Jay fills a pot with water for the spaghetti we are going to make. I grab a frying pan and start on the meat sauce. I can’t help but keep thinking about Aiden. The déjà vu feels so real right now, and I don’t know how to stop it from consuming me.
I continue frying the meat, trying to shake this feeling off. Jay has now turned on some music while we work in tandem in the kitchen. I glance over at him, watching him put the last of the groceries away. He sees me glancing at him and walks over to me, then wraps his arms around me and kisses my neck. A tingling sensation runs down my body.
“What are you thinking about?” he asks.
“Nothing, just admiring you.”
“What’s there to admire?”
“You being you.”
He bends down and kisses my neck again. I give him a slight smile and turn back to the stove. Not a lot of words are being spoken, just actions that I have been needing. Actions that I’ve wanted and needed from Aiden for so long.
My chest constricts, thinking about all the times I waited and waited for these actions from Aiden and I never received them. It always made me feel like I wasn’t worth his time. Like I was one of those ex-wives where the husband doesn’t put in effort but puts in effort with his new wife. The effort that the ex-wife was needing. Those situations have always crushed me when I see them. Why wasn’t his first wife good enough for him to save the marriage? The second wife comes along, and he makes all the effort in the world. I’ve seen it happen once to a friend of mine. Never understood why she wasn’t good enough. I could tell it hurt her a little, seeing what she needed from her ex-husband play out in front of her with someone else. She never let us believe she was hurting from it. Sometimes people make little sense. I guess it’s better to stop it than to force it to happen. But when should you realize enough is enough?
Texas heat isno joke in August. The humidity is a little rough, too. My state is so dry. I’m not used to this. Jay has a good client of his that lets him use his country club for free.
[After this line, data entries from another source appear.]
text \<open>Q^K is a convex combination of P^(K+1), ..., P^m, all at distance
  r = d(P^(K+1), Q^K) from it. By the parallel-axis identity
  \<Sum> \<lambda>_i d(P^i, Y)^2 = r^2 + d(Q^K, Y)^2 every centre Y other than Q^K has a
  point farther than r away, so Q^K is the unique optimal centre as soon as the ball
  of radius r around it contains all points. This is shown for P^K, ..., P^1 in turn:
  the barycentric coordinates of Q^(j-1) vanish before j, are negative at j and
  positive after j, and the same identity then bounds d(P^j, Q^K) by the bounds
  already known for the later points.\<close>

lemma closest_point_affine_orthogonal:
  fixes S :: "'a::euclidean_space set"
  assumes "affine S" "closed S" "y \<in> S"
  shows "(a - closest_point S a) \<bullet> (y - closest_point S a) = 0"
proof -
  let ?c = "closest_point S a"
  have "convex S" using assms(1) by (rule affine_imp_convex)
  have c: "?c \<in> S" using assms(2,3) closest_point_in_set by blast
  have "(1 - 2) *\<^sub>R y + 2 *\<^sub>R ?c \<in> S"
    using affine_def[THEN iffD1, OF assms(1), rule_format, OF assms(3) c, of "1 - 2" 2] by simp
  then have "(a - ?c) \<bullet> ((2 *\<^sub>R ?c - y) - ?c) \<le> 0"
    by (intro closest_point_dot[OF \<open>convex S\<close> assms(2)]) simp
  moreover have "(2 *\<^sub>R ?c - y) - ?c = - (y - ?c)"
    by (simp add: scaleR_2)
  ultimately have "(a - ?c) \<bullet> (y - ?c) \<ge> 0"
    by (metis inner_minus_right neg_le_0_iff_le)
  moreover have "(a - ?c) \<bullet> (y - ?c) \<le> 0"
    by (rule closest_point_dot[OF \<open>convex S\<close> assms(2,3)])
  ultimately show ?thesis by linarith
qed

lemma proj_eq_closest_point:
  fixes S :: "'a::euclidean_space set"
  assumes "convex S" "closed S" "S \<noteq> {}"
  shows "proj a S = closest_point S a"
  unfolding proj_def
proof (rule the_equality)
  show "closest_point S a \<in> S \<and> (\<forall>Y\<in>S. dist (closest_point S a) a \<le> dist Y a)"
    using closest_point_exists[OF assms(2,3), of a] by (simp add: dist_commute)
next
  fix Q assume "Q \<in> S \<and> (\<forall>Y\<in>S. dist Q a \<le> dist Y a)"
  then show "Q = closest_point S a"
    using closest_point_unique[OF assms(1,2)] by (simp add: dist_commute)
qed

lemma sum_weights_const:
  fixes w f :: "'i \<Rightarrow> real"
  assumes "sum w I = 1" "\<And>i. i \<in> I \<Longrightarrow> w i \<noteq> 0 \<Longrightarrow> f i = c"
  shows "(\<Sum>i\<in>I. w i * f i) = c"
proof -
  have "(\<Sum>i\<in>I. w i * f i) = (\<Sum>i\<in>I. w i * c)"
    using assms(2) by (intro sum.cong) auto
  also have "\<dots> = c" using assms(1) by (simp add: sum_distrib_right[symmetric])
  finally show ?thesis .
qed

text \<open>The parallel-axis identity, for weights of any sign: the barycentric
  coordinates of the points Q^k have negative entries.\<close>
lemma weighted_sum_dist_sq_shift:
  fixes P :: "'i \<Rightarrow> 'a::real_inner"
  assumes "sum w I = 1" "X = (\<Sum>i\<in>I. w i *\<^sub>R P i)"
  shows "(\<Sum>i\<in>I. w i * (dist (P i) Y)\<^sup>2) = (\<Sum>i\<in>I. w i * (dist (P i) X)\<^sup>2) + (dist X Y)\<^sup>2"
proof -
  have sq: "(dist (P i) Y)\<^sup>2 = (dist (P i) X)\<^sup>2 + 2 * ((P i - X) \<bullet> (X - Y)) + (dist X Y)\<^sup>2" for i
  proof -
    have "P i - Y = (P i - X) + (X - Y)" by simp
    then show ?thesis
      by (simp only: dist_norm power2_norm_eq_inner inner_add_left inner_add_right
          inner_commute[of "X - Y" "P i - X"])
  qed
  have "(\<Sum>i\<in>I. w i * ((P i - X) \<bullet> (X - Y))) = (\<Sum>i\<in>I. w i *\<^sub>R (P i - X)) \<bullet> (X - Y)"
    by (simp add: inner_sum_left)
  also have "(\<Sum>i\<in>I. w i *\<^sub>R (P i - X)) = X - (\<Sum>i\<in>I. w i) *\<^sub>R X"
    using assms(2) by (simp add: scaleR_diff_right sum_subtractf scaleR_sum_left)
  finally have cross: "(\<Sum>i\<in>I. w i * ((P i - X) \<bullet> (X - Y))) = 0"
    using assms(1) by simp
  have "(\<Sum>i\<in>I. w i * (dist (P i) Y)\<^sup>2)
      = (\<Sum>i\<in>I. w i * (dist (P i) X)\<^sup>2 + 2 * (w i * ((P i - X) \<bullet> (X - Y))) + w i * (dist X Y)\<^sup>2)"
    by (intro sum.cong) (simp_all only: sq algebra_simps)
  also have "\<dots> = (\<Sum>i\<in>I. w i * (dist (P i) X)\<^sup>2) + 2 * (\<Sum>i\<in>I. w i * ((P i - X) \<bullet> (X - Y)))
        + (\<Sum>i\<in>I. w i) * (dist X Y)\<^sup>2"
    by (simp only: sum.distrib sum_distrib_left[symmetric] sum_distrib_right[symmetric])
  finally show ?thesis using cross assms(1) by simp
qed

lemma weighted_sum_dist_sq_equidistant:
  fixes P :: "'i \<Rightarrow> 'a::real_inner"
  assumes "sum w I = 1" "X = (\<Sum>i\<in>I. w i *\<^sub>R P i)"
    and "\<And>i. i \<in> I \<Longrightarrow> w i \<noteq> 0 \<Longrightarrow> dist (P i) X = r"
  shows "(\<Sum>i\<in>I. w i * (dist (P i) Y)\<^sup>2) = r\<^sup>2 + (dist X Y)\<^sup>2"
  using weighted_sum_dist_sq_shift[OF assms(1,2)] sum_weights_const[OF assms(1), of "\<lambda>i. (dist (P i) X)\<^sup>2"]
    assms(3) by simp
section \<open>Multiplication by powers of a linear form\<close>

lemma face_coeff_lin_form_mult:
  assumes "finite \<tau>" "\<tau> \<subseteq> {1..n}"
  shows "face_coeff (lin_form n c * p) \<tau> = (\<Sum>v\<in>\<tau>. c v * face_coeff p (\<tau> - {v}))"
proof -
  have "face_coeff (lin_form n c * p) \<tau> = (\<Sum>i=1..n. lookup (single (single i 1) (c i) * p) (sqfree_exp \<tau>))"
    by (simp add: face_coeff_def lin_form_def sum_distrib_right lookup_sum Const_def Var_def mult_single)
  also have "\<dots> = (\<Sum>i=1..n. if i \<in> \<tau> then c i * face_coeff p (\<tau> - {i}) else 0)"
  proof (rule sum.cong[OF refl])
    fix i
    show "lookup (single (single i 1) (c i) * p) (sqfree_exp \<tau>) = (if i \<in> \<tau> then c i * face_coeff p (\<tau> - {i}) else 0)"
    proof (cases "i \<in> \<tau>")
      case True
      then have "sqfree_exp \<tau> = single i 1 + sqfree_exp (\<tau> - {i})"
        using assms(1) by (simp add: sqfree_exp_def sum.remove)
      then show ?thesis using True by (simp add: lookup_single_mult_add face_coeff_def)
    next
      case False
      have "sqfree_exp \<tau> \<noteq> single i 1 + q" for q
      proof
        assume "sqfree_exp \<tau> = single i 1 + q"
        then have "lookup (sqfree_exp \<tau>) i = lookup (single i 1 + q) i" by simp
        then show False using False assms(1) by (simp add: lookup_sqfree_exp lookup_add)
      qed
      then show ?thesis using False by (simp add: lookup_single_mult_not_add)
    qed
  qed
  also have "\<dots> = (\<Sum>v\<in>\<tau>. c v * face_coeff p (\<tau> - {v}))"
    using assms by (simp add: sum.If_cases Int_absorb1)
  finally show ?thesis .
qed

lemma sum_subsets_of_remove:
  fixes \<phi> :: "'a set \<Rightarrow> 'k::comm_ring_1"
  assumes "finite \<tau>" "card \<tau> = i + j"
  shows "(\<Sum>v\<in>\<tau>. \<Sum>\<sigma> | \<sigma> \<subseteq> \<tau> - {v} \<and> card \<sigma> = i. \<phi> \<sigma>)
       = of_nat j * (\<Sum>\<sigma> | \<sigma> \<subseteq> \<tau> \<and> card \<sigma> = i. \<phi> \<sigma>)"
proof -
  let ?S = "{\<sigma>. \<sigma> \<subseteq> \<tau> \<and> card \<sigma> = i}"
  have S: "finite ?S" using assms(1) by (auto intro: finite_subset[of _ "Pow \<tau>"])
  have "(\<Sum>v\<in>\<tau>. \<Sum>\<sigma> | \<sigma> \<subseteq> \<tau> - {v} \<and> card \<sigma> = i. \<phi> \<sigma>) = (\<Sum>v\<in>\<tau>. \<Sum>\<sigma>\<in>?S. if v \<notin> \<sigma> then \<phi> \<sigma> else 0)"
  proof (rule sum.cong[OF refl])
    fix v
    have "{\<sigma>. \<sigma> \<subseteq> \<tau> - {v} \<and> card \<sigma> = i} = {\<sigma>\<in>?S. v \<notin> \<sigma>}" by auto
    then show "(\<Sum>\<sigma> | \<sigma> \<subseteq> \<tau> - {v} \<and> card \<sigma> = i. \<phi> \<sigma>) = (\<Sum>\<sigma>\<in>?S. if v \<notin> \<sigma> then \<phi> \<sigma> else 0)"
      using sum.inter_filter[OF S, of \<phi> "\<lambda>\<sigma>. v \<notin> \<sigma>"] by (simp only:)
  qed
  also have "\<dots> = (\<Sum>\<sigma>\<in>?S. \<Sum>v\<in>\<tau>. if v \<notin> \<sigma> then \<phi> \<sigma> else 0)"
    by (rule sum.swap)
  also have "\<dots> = (\<Sum>\<sigma>\<in>?S. of_nat j * \<phi> \<sigma>)"
  proof (rule sum.cong[OF refl])
    fix \<sigma> assume \<sigma>: "\<sigma> \<in> ?S"
    then have "card (\<tau> - \<sigma>) = j"
      using assms card_Diff_subset[of \<sigma> \<tau>] finite_subset[of \<sigma> \<tau>] by simp
    then show "(\<Sum>v\<in>\<tau>. if v \<notin> \<sigma> then \<phi> \<sigma> else 0) = of_nat j * \<phi> \<sigma>"
      using assms(1) by (simp add: sum.If_cases set_diff_eq Collect_neg_eq Int_def)
  qed
  finally show ?thesis by (simp add: sum_distrib_left)
qed

lemma face_coeff_lin_form_power:
  fixes f :: "(nat, 'k::comm_ring_1) mpoly"
  assumes f: "\<And>\<sigma>. finite \<sigma> \<Longrightarrow> \<sigma> \<subseteq> {1..n} \<Longrightarrow>
      face_coeff f \<sigma> = (if card \<sigma> = i then prod c \<sigma> * \<phi> \<sigma> else 0)"
  shows "finite \<tau> \<Longrightarrow> \<tau> \<subseteq> {1..n} \<Longrightarrow> face_coeff (lin_form n c ^ j * f) \<tau> =
     (if card \<tau> = i + j then of_nat (fact j) * prod c \<tau> * (\<Sum>\<sigma> | \<sigma> \<subseteq> \<tau> \<and> card \<sigma> = i. \<phi> \<sigma>) else 0)"
proof (induction j arbitrary: \<tau>)
  case 0
  then have "{\<sigma>. \<sigma> \<subseteq> \<tau> \<and> card \<sigma> = card \<tau>} = {\<tau>}"
    using card_subset_eq by blast
  then show ?case using 0 f by auto
next
  case (Suc j)
  have "face_coeff (lin_form n c ^ Suc j * f) \<tau> = (\<Sum>v\<in>\<tau>. c v * face_coeff (lin_form n c ^ j * f) (\<tau> - {v}))"
    using face_coeff_lin_form_mult[OF Suc.prems] by (simp add: mult.assoc)
  also have "\<dots> = (\<Sum>v\<in>\<tau>. if card \<tau> = i + Suc j
      then of_nat (fact j) * prod c \<tau> * (\<Sum>\<sigma> | \<sigma> \<subseteq> \<tau> - {v} \<and> card \<sigma> = i. \<phi> \<sigma>) else 0)"
  proof (rule sum.cong[OF refl])
    fix v assume v: "v \<in> \<tau>"
    have "card \<tau> = Suc (card (\<tau> - {v}))"
      using v Suc.prems(1) by (rule card_Suc_Diff1[symmetric, rotated])
    moreover have "finite (\<tau> - {v})" "\<tau> - {v} \<subseteq> {1..n}" using Suc.prems by auto
    ultimately have "face_coeff (lin_form n c ^ j * f) (\<tau> - {v}) = (if card \<tau> = i + Suc j
        then of_nat (fact j) * prod c (\<tau> - {v}) * (\<Sum>\<sigma> | \<sigma> \<subseteq> \<tau> - {v} \<and> card \<sigma> = i. \<phi> \<sigma>) else 0)"
      using Suc.IH by simp
    moreover have "prod c \<tau> = c v * prod c (\<tau> - {v})"
      using v Suc.prems(1) by (simp add: prod.remove)
    ultimately show "c v * face_coeff (lin_form n c ^ j * f) (\<tau> - {v}) = (if card \<tau> = i + Suc j
        then of_nat (fact j) * prod c \<tau> * (\<Sum>\<sigma> | \<sigma> \<subseteq> \<tau> - {v} \<and> card \<sigma> = i. \<phi> \<sigma>) else 0)"
      by (simp add: ac_simps)
  qed
  also have "\<dots> = (if card \<tau> = i + Suc j
      then of_nat (fact (Suc j)) * prod c \<tau> * (\<Sum>\<sigma> | \<sigma> \<subseteq> \<tau> \<and> card \<sigma> = i. \<phi> \<sigma>) else 0)"
  proof (cases "card \<tau> = i + Suc j")
    case True
    then show ?thesis using sum_subsets_of_remove[OF Suc.prems(1) True, of \<phi>]
      by (simp add: sum_distrib_left[symmetric] algebra_simps)
  qed simp
  finally show ?case .
qed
He’s done a lot of contracting work for him, and always ensures he gets the best subcontractors to do the jobs that he needs done for his club. He appreciates how hard he works for him, so in return, he gets in for free.
We’re both sitting out by the pool. Jay feels bad when he works because I’m left with nothing to do or left home alone. He has computer work to do today, so he took me here so I wouldn’t be at home bored while he works. They have an open bar for members. Jay technically isn’t a paying member, but I’ve been using this open bar to my advantage. Every time the waiter comes with my drink, we tip them.
I'm not sure how much it costs to be a member. If they have an open bar for members, I couldn’t imagine the monthly price. Especially with everything else they have here. There’s a golf course that wraps around the entire club, two fancy restaurants with bars inside, tennis, pickleball, and basketball courts, an open gym, a pool with an outside bar and small cafe.
I felt out of place when we arrived. It’s a lot of older people that look bougie and settled more in life. I look around, wondering what everyone does for a living to afford this. Jay made a comment that he would never pay for this. He hardly ever comes. He said he never cared to bring Lindsee here. The money got to her head, and she wanted to spend it on extravagant purchases.
I’m four drinks in and I’m getting drunk. I lean over to look at Jay’s computer. “What are you doing?” I ask flirtatiously.
“Working.” He gives me the side-eye.
“Do you want to join in on the free drinks?” He looks over at me and squints his eyebrows.
“Is someone getting drunk with these free drinks?” I slowly take a sip of my drink from my straw and look up at him. My lips raise a little, giving him a small little smirk.
The next thing I know, Jay slams his computer shut, grabs our bags over his shoulder, and stands up fast. So fast I’m looking at him, confused. He reaches out for my hand, and I give it to him. He leads us out of the club before I can even ask what’s happening.